(DATASET RECORDS begins)
text \<open>\<open>\<Lambda> a\<^sub>1 = \<epsilon>(a\<^sub>1) \<Lambda>\<close> lets \<open>a\<close> move from the first Sweedler factor of \<open>\<Lambda>\<close> to
  the second, where it turns into \<open>S(a)\<close>.\<close>

lemma sweedler_Lr_transfer:
  assumes G: "bilinear_form G"
  shows "sweedler H Lr (\<lambda>p q. G (mul H p a) q) = sweedler H Lr (\<lambda>p q. G p (mul H q (antip H a)))"
proof -
  have G1: "linear_form (\<lambda>v. G (mul H p v) q)" for p q
    by (rule linear_form_comp[OF bilinear_formD1[OF G] linear_map_mul_right])
  have G2: "linear_form (\<lambda>v. G p (mul H q v))" for p q
    by (rule linear_form_comp[OF bilinear_formD2[OF G] linear_map_mul_right])
  have linear: "linear_form (\<lambda>v. sweedler H Lr (\<lambda>p q. G p (mul H q (antip H v))))"
    by (intro linear_form_sweedler_param linear_form_comp[OF G2 linear_map_antip])
  have bilinear: "bilinear_form (\<lambda>p q. G p (mul H q (antip H v)))" for v
    by (rule bilinear_formI, rule bilinear_formD1[OF G],
        rule linear_form_comp[OF bilinear_formD2[OF G] linear_map_mul_left])
  have "sweedler H Lr (\<lambda>p q. G p (mul H q (antip H a)))
      = sweedler H a (\<lambda>a1 a2. cou H a1 * sweedler H Lr (\<lambda>p q. G p (mul H q (antip H a2))))"
    by (rule sweedler_counit_left[OF linear, symmetric])
  also have "\<dots> = sweedler H a (\<lambda>a1 a2.
      sweedler H (mul H Lr a1) (\<lambda>p q. G p (mul H q (antip H a2))))"
    by (simp only: mul_Lr sweedler_smul)
  also have "\<dots> = sweedler H Lr (\<lambda>p q. sweedler H a (\<lambda>a1 a2. sweedler H a1 (\<lambda>r s.
      G (mul H p r) (mul H (mul H q s) (antip H a2)))))"
    by (simp only: sweedler_mul[OF bilinear] sweedler_swap[where x=a])
  also have "\<dots> = sweedler H Lr (\<lambda>p q. sweedler H a (\<lambda>a1 a2. sweedler H a2 (\<lambda>s u.
      G (mul H p a1) (mul H (mul H q s) (antip H u)))))"
    by (simp only: sweedler_coassoc)
  also have "\<dots> = sweedler H Lr (\<lambda>p q. sweedler H a (\<lambda>a1 a2.
      G (mul H p a1) (mul H q (\<lambda>n. sweedler H a2 (\<lambda>s u. mul H s (antip H u) n)))))"
    by (simp only: assoc linear_form_sweedler_pull[OF G2])
  also have "\<dots> = sweedler H Lr (\<lambda>p q. sweedler H a (\<lambda>a1 a2. G (mul H p a1) q * cou H a2))"
    by (simp only: sweedler_antipode_right mul_scale_one linear_form_scale[OF bilinear_formD2[OF G]])
       (simp only: mult.commute)
  also have "\<dots> = sweedler H Lr (\<lambda>p q. G (mul H p a) q)"
    by (simp only: sweedler_counit_right[OF G1])
  finally show ?thesis by (rule sym)
qed

lemma antip_mul: "antip H (mul H x y) = mul H (antip H y) (antip H x)"
proof
  fix n
  have bilinear: "bilinear_form (\<lambda>r s. ev lr (mul H r y) * s n)"
    by (rule bilinear_formI,
        rule linear_form_multc[OF linear_form_comp[OF linear_form_ev linear_map_mul_left]],
        rule linear_form_cmult[OF linear_form_coord])
  have "antip H (mul H x y) n = sweedler H Lr (\<lambda>p q. ev lr (mul H (mul H p x) y) * q n)"
    by (simp only: antip_eq_right_integral assoc)
  also have "\<dots> = sweedler H Lr (\<lambda>p q. ev lr (mul H p y) * mul H q (antip H x) n)"
    by (rule sweedler_Lr_transfer[OF bilinear])
  also have "\<dots> = mul H (antip H y) (antip H x) n"
    by (simp only: antip_eq_right_integral linear_form_sweedler_pull[OF linear_form_mul_left]
        mul_scale_left)
  finally show "antip H (mul H x y) n = mul H (antip H y) (antip H x) n" .
qed

lemma sweedler_lr_transfer:
  "sweedler H x (\<lambda>a b. ev lr (mul H a y) * b n)
     = sweedler H y (\<lambda>a b. ev lr (mul H x a) * antip H b n)"
proof -
  have bilinear: "bilinear_form (\<lambda>r s. ev lr r * mul H s (antip H b) n)" for b
    by (rule bilinear_formI, rule linear_form_multc[OF linear_form_ev],
        rule linear_form_cmult[OF linear_form_mul_left])
  have "sweedler H y (\<lambda>a b. ev lr (mul H x a) * antip H b n)
      = sweedler H y (\<lambda>a b. mul H (\<lambda>n'. sweedler H (mul H x a) (\<lambda>r s. ev lr r * s n'))
          (antip H b) n)"
    by (simp only: sweedler_lr mul_scale_left unit_left)
  also have "\<dots> = sweedler H y (\<lambda>a b. sweedler H x (\<lambda>r s. sweedler H a (\<lambda>r' s'.
      ev lr (mul H r r') * mul H (mul H s s') (antip H b) n)))"
    by (simp only: linear_form_sweedler_pull[OF linear_form_mul_left] mul_scale_left
        sweedler_mul[OF bilinear])
  also have "\<dots> = sweedler H x (\<lambda>r s. sweedler H y (\<lambda>a b. sweedler H b (\<lambda>s' b'.
      ev lr (mul H r a) * mul H (mul H s s') (antip H b') n)))"
    by (simp only: sweedler_swap[where x=y] sweedler_coassoc)
  also have "\<dots> = sweedler H x (\<lambda>r s. sweedler H y (\<lambda>a b. ev lr (mul H r a) *
      mul H s (\<lambda>n'. sweedler H b (\<lambda>s' b'. mul H s' (antip H b') n')) n))"
    by (simp only: assoc linear_form_sweedler_pull[OF linear_form_cmult[OF linear_form_mul_right]])
  also have "\<dots> = sweedler H x (\<lambda>r s. sweedler H y (\<lambda>a b. ev lr (mul H r a) * s n * cou H b))"
    by (simp only: sweedler_antipode_right mul_scale_one mult_ac)
  also have "\<dots> = sweedler H x (\<lambda>r s. ev lr (mul H r y) * s n)"
    by (simp only: sweedler_counit_right[OF linear_form_multc[OF
          linear_form_comp[OF linear_form_ev linear_map_mul_right]]])
  finally show ?thesis by (rule sym)
qed

lemma comul_antip: "comul H (antip H b) p q = sweedler H b (\<lambda>a c. antip H c p * antip H a q)"
proof -
  have "comul H (antip H b) p q = sweedler H Lr (\<lambda>r s. ev lr (mul H r b) * comul H s p q)"
    by (simp only: antip_eq_right_integral linear_form_sweedler_pull[OF linear_form_comul]
        linear_form_scale[OF linear_form_comul])
  also have "\<dots> = sweedler H Lr (\<lambda>r s. sweedler H r (\<lambda>r1 r2. ev lr (mul H r1 b) * r2 p) * s q)"
    by (simp only: comul_eq_sweedler sweedler_cmult sweedler_coassoc[symmetric] sweedler_multc
        mult.assoc)
  also have "\<dots> = sweedler H Lr (\<lambda>r s. sweedler H b (\<lambda>a c. ev lr (mul H r a) * antip H c p) * s q)"
    by (simp only: sweedler_lr_transfer)
  also have "\<dots> = sweedler H Lr (\<lambda>r s. sweedler H b (\<lambda>a c. antip H c p * (ev lr (mul H r a) * s q)))"
    by (simp only: sweedler_multc) (simp only: mult_ac)
  also have "\<dots> = sweedler H b (\<lambda>a c. antip H c p * antip H a q)"
    by (simp only: sweedler_swap[where x=Lr] sweedler_cmult antip_eq_right_integral)
  finally show ?thesis .
qed

lemma sweedler_antip:
  assumes F: "bilinear_form F"
  shows "sweedler H (antip H x) F = sweedler H x (\<lambda>a b. F (antip H b) (antip H a))"
proof -
  have "sweedler H (antip H x) F = (\<Sum>p\<in>UNIV. \<Sum>q\<in>UNIV.
      sweedler H x (\<lambda>a c. antip H c p * antip H a q) * F (bvec p) (bvec q))"
    unfolding sweedler_def[of H "antip H x"] comul_antip ..
  also have "\<dots> = sweedler H x (\<lambda>a c. \<Sum>p\<in>UNIV. \<Sum>q\<in>UNIV.
      antip H c p * antip H a q * F (bvec p) (bvec q))"
    by (simp only: sweedler_multc sweedler_sum)
  also have "\<dots> = sweedler H x (\<lambda>a b. F (antip H b) (antip H a))"
    by (simp only: bilinear_form_expand[OF F, symmetric])
  finally show ?thesis .
qed

lemma antip_sw:
  assumes "\<And>f. f \<in> set fs \<Longrightarrow> linear_map f \<and> (\<forall>x. f (antip H x) = antip H (f x))"
  shows "antip H (sw H fs x) = sw H (rev fs) (antip H x)"
  using assms
proof (induction fs arbitrary: x)
  case Nil
  show ?case by (simp add: linear_map_smul[OF linear_map_antip] antip_one cou_antip)
next
  case (Cons f fs)
  have f: "linear_map f" and f_antip: "\<And>x. f (antip H x) = antip H (f x)"
    using Cons.prems by auto
  have IH: "\<And>x. antip H (sw H fs x) = sw H (rev fs) (antip H x)"
    using Cons by auto
  have bilinear: "bilinear_form (\<lambda>a b. mul H (sw H (rev fs) a) (f b) n)" for n
    by (rule bilinear_formI, rule linear_form_comp[OF linear_form_mul_left linear_map_sw],
        rule linear_form_comp[OF linear_form_mul_right f])
  show ?case
  proof
    fix n
    have "antip H (sw H (f # fs) x) n
        = sweedler H x (\<lambda>a b. antip H (mul H (f a) (sw H fs b)) n)"
      unfolding sw_cons by (rule linear_form_sweedler_pull[OF linear_form_antip])
    also have "\<dots> = sweedler H x (\<lambda>a b. mul H (sw H (rev fs) (antip H b)) (f (antip H a)) n)"
      by (simp only: antip_mul IH f_antip)
    also have "\<dots> = sweedler H (antip H x) (\<lambda>a b. mul H (sw H (rev fs) a) (f b) n)"
      by (rule sweedler_antip[OF bilinear, symmetric])
    also have "\<dots> = sw H (rev (f # fs)) (antip H x) n"
      by (simp add: sw_snoc[OF f])
    finally show "antip H (sw H (f # fs) x) n = sw H (rev (f # fs)) (antip H x) n" .
  qed
qed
(DATASET RECORDS ends)
Return only the lines between the one holding "rule linear_form_cmult[OF linear_form_mul_left])" and the one holding "by (simp only: sweedler_counit_right[OF linear_form_multc[OF", inclusive, exactly as they appear above.

        rule linear_form_cmult[OF linear_form_mul_left])
  have "sweedler H y (\<lambda>a b. ev lr (mul H x a) * antip H b n)
      = sweedler H y (\<lambda>a b. mul H (\<lambda>n'. sweedler H (mul H x a) (\<lambda>r s. ev lr r * s n'))
          (antip H b) n)"
    by (simp only: sweedler_lr mul_scale_left unit_left)
  also have "\<dots> = sweedler H y (\<lambda>a b. sweedler H x (\<lambda>r s. sweedler H a (\<lambda>r' s'.
      ev lr (mul H r r') * mul H (mul H s s') (antip H b) n)))"
    by (simp only: linear_form_sweedler_pull[OF linear_form_mul_left] mul_scale_left
        sweedler_mul[OF bilinear])
  also have "\<dots> = sweedler H x (\<lambda>r s. sweedler H y (\<lambda>a b. sweedler H b (\<lambda>s' b'.
      ev lr (mul H r a) * mul H (mul H s s') (antip H b') n)))"
    by (simp only: sweedler_swap[where x=y] sweedler_coassoc)
  also have "\<dots> = sweedler H x (\<lambda>r s. sweedler H y (\<lambda>a b. ev lr (mul H r a) *
      mul H s (\<lambda>n'. sweedler H b (\<lambda>s' b'. mul H s' (antip H b') n')) n))"
    by (simp only: assoc linear_form_sweedler_pull[OF linear_form_cmult[OF linear_form_mul_right]])
  also have "\<dots> = sweedler H x (\<lambda>r s. sweedler H y (\<lambda>a b. ev lr (mul H r a) * s n * cou H b))"
    by (simp only: sweedler_antipode_right mul_scale_one mult_ac)
  also have "\<dots> = sweedler H x (\<lambda>r s. ev lr (mul H r y) * s n)"
    by (simp only: sweedler_counit_right[OF linear_form_multc[OF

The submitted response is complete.